### Work item
Copy, from the material below, each line that contains the word "real".

──────

(* Let $\mathcal X,\mathcal Y$ be finite sets, let $B_1,\dots,B_r$ be $\mathcal X\times\mathcal Y$ blocky matrices, and let $\Gamma:\{0,1\}^r\to\{0,1\}$ be any function. Then the Boolean matrix $F$ defined by $F(x,y)=\Gamma(B_1(x,y),\dots,B_r(x,y))$ for $(x,y)\in\mathcal X\times\mathcal Y$ satisfies $\|F\|_{\gamma_2}\le 3^r$.
   Context: A Boolean matrix $F\in\{0,1\}^{\mathcal X\times\mathcal Y}$ is called blocky if there exist pairwise disjoint sets $\mathcal X_i\subseteq\mathcal X$ and pairwise disjoint sets $\mathcal Y_i\subseteq\mathcal Y$ such that the support $\{(x,y):F(x,y)=1\}$ of $F$ equals $\bigcup_i \mathcal X_i\times\mathcal Y_i$. For a real $\mathcal X\times\mathcal Y$ matrix $A$, the $\gamma_2$-factorization norm $\|A\|_{\gamma_2}$ is the infimum of all $c$ such that there exist a positive integer $d$ and vectors $u_x,v_y\in\mathbb{R}^d$ with $\langle u_x,v_y\rangle=A(x,y)$ and $\|u_x\|_2\|v_y\|_2\le c$ for all $x\in\mathcal X,y\in\mathcal Y$. *)

theory Defs
  imports "HOL-Analysis.Analysis"
begin

text \<open>Matrices indexed by X \<times> Y are functions 'a \<Rightarrow> 'b \<Rightarrow> real, considered on X \<times> Y only.\<close>

definition boolean_matrix :: "'a set \<Rightarrow> 'b set \<Rightarrow> ('a \<Rightarrow> 'b \<Rightarrow> real) \<Rightarrow> bool" where
  "boolean_matrix X Y F \<longleftrightarrow> (\<forall>x\<in>X. \<forall>y\<in>Y. F x y = 0 \<or> F x y = 1)"

definition blocky :: "'a set \<Rightarrow> 'b set \<Rightarrow> ('a \<Rightarrow> 'b \<Rightarrow> real) \<Rightarrow> bool" where
  "blocky X Y F \<longleftrightarrow> boolean_matrix X Y F \<and>
     (\<exists>(I :: nat set) (Xs :: nat \<Rightarrow> 'a set) (Ys :: nat \<Rightarrow> 'b set).
        (\<forall>i\<in>I. Xs i \<subseteq> X \<and> Ys i \<subseteq> Y) \<and>
        (\<forall>i\<in>I. \<forall>j\<in>I. i \<noteq> j \<longrightarrow> Xs i \<inter> Xs j = {} \<and> Ys i \<inter> Ys j = {}) \<and>
        {(x, y). x \<in> X \<and> y \<in> Y \<and> F x y = 1} = (\<Union>i\<in>I. Xs i \<times> Ys i))"

text \<open>gamma_2 factorization norm: vectors in R^d represented as nat \<Rightarrow> real on {..<d}.\<close>
definition gamma2 :: "'a set \<Rightarrow> 'b set \<Rightarrow> ('a \<Rightarrow> 'b \<Rightarrow> real) \<Rightarrow> real" where
  "gamma2 X Y A = Inf {c. 0 \<le> c \<and> (\<exists>(d::nat) (u :: 'a \<Rightarrow> nat \<Rightarrow> real) (v :: 'b \<Rightarrow> nat \<Rightarrow> real).
       d \<ge> 1 \<and>
       (\<forall>x\<in>X. \<forall>y\<in>Y. (\<Sum>k<d. u x k * v y k) = A x y \<and>
          sqrt (\<Sum>k<d. (u x k)\<^sup>2) * sqrt (\<Sum>k<d. (v y k)\<^sup>2) \<le> c))}"

end

(*
  A blocky matrix B is the sum of the indicator matrices of its disjoint blocks, so it factors
  through the indicator vectors of the blocks with row and column vectors of squared norm at most 1;
  prepending an all-ones coordinate and negating, J - B (J the all-ones matrix) factors with squared norms at most 2.
  Expanding F = sum over the patterns S in {0,1}^r with Gamma(S) of the Hadamard products of
  the matrices B_i (S_i = 1) or J - B_i (S_i = 0), tensor products and direct sums of these
  factorizations give row and column vectors of squared norm at most
  sum over S of prod_i (1 or 2) = 3^r.
*)
theory Submission
  imports Defs
begin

──────

### Final answer
   Context: A Boolean matrix $F\in\{0,1\}^{\mathcal X\times\mathcal Y}$ is called blocky if there exist pairwise disjoint sets $\mathcal X_i\subseteq\mathcal X$ and pairwise disjoint sets $\mathcal Y_i\subseteq\mathcal Y$ such that the support $\{(x,y):F(x,y)=1\}$ of $F$ equals $\bigcup_i \mathcal X_i\times\mathcal Y_i$. For a real $\mathcal X\times\mathcal Y$ matrix $A$, the $\gamma_2$-factorization norm $\|A\|_{\gamma_2}$ is the infimum of all $c$ such that there exist a positive integer $d$ and vectors $u_x,v_y\in\mathbb{R}^d$ with $\langle u_x,v_y\rangle=A(x,y)$ and $\|u_x\|_2\|v_y\|_2\le c$ for all $x\in\mathcal X,y\in\mathcal Y$. *)
text \<open>Matrices indexed by X \<times> Y are functions 'a \<Rightarrow> 'b \<Rightarrow> real, considered on X \<times> Y only.\<close>
definition boolean_matrix :: "'a set \<Rightarrow> 'b set \<Rightarrow> ('a \<Rightarrow> 'b \<Rightarrow> real) \<Rightarrow> bool" where
definition blocky :: "'a set \<Rightarrow> 'b set \<Rightarrow> ('a \<Rightarrow> 'b \<Rightarrow> real) \<Rightarrow> bool" where
text \<open>gamma_2 factorization norm: vectors in R^d represented as nat \<Rightarrow> real on {..<d}.\<close>
definition gamma2 :: "'a set \<Rightarrow> 'b set \<Rightarrow> ('a \<Rightarrow> 'b \<Rightarrow> real) \<Rightarrow> real" where
  "gamma2 X Y A = Inf {c. 0 \<le> c \<and> (\<exists>(d::nat) (u :: 'a \<Rightarrow> nat \<Rightarrow> real) (v :: 'b \<Rightarrow> nat \<Rightarrow> real).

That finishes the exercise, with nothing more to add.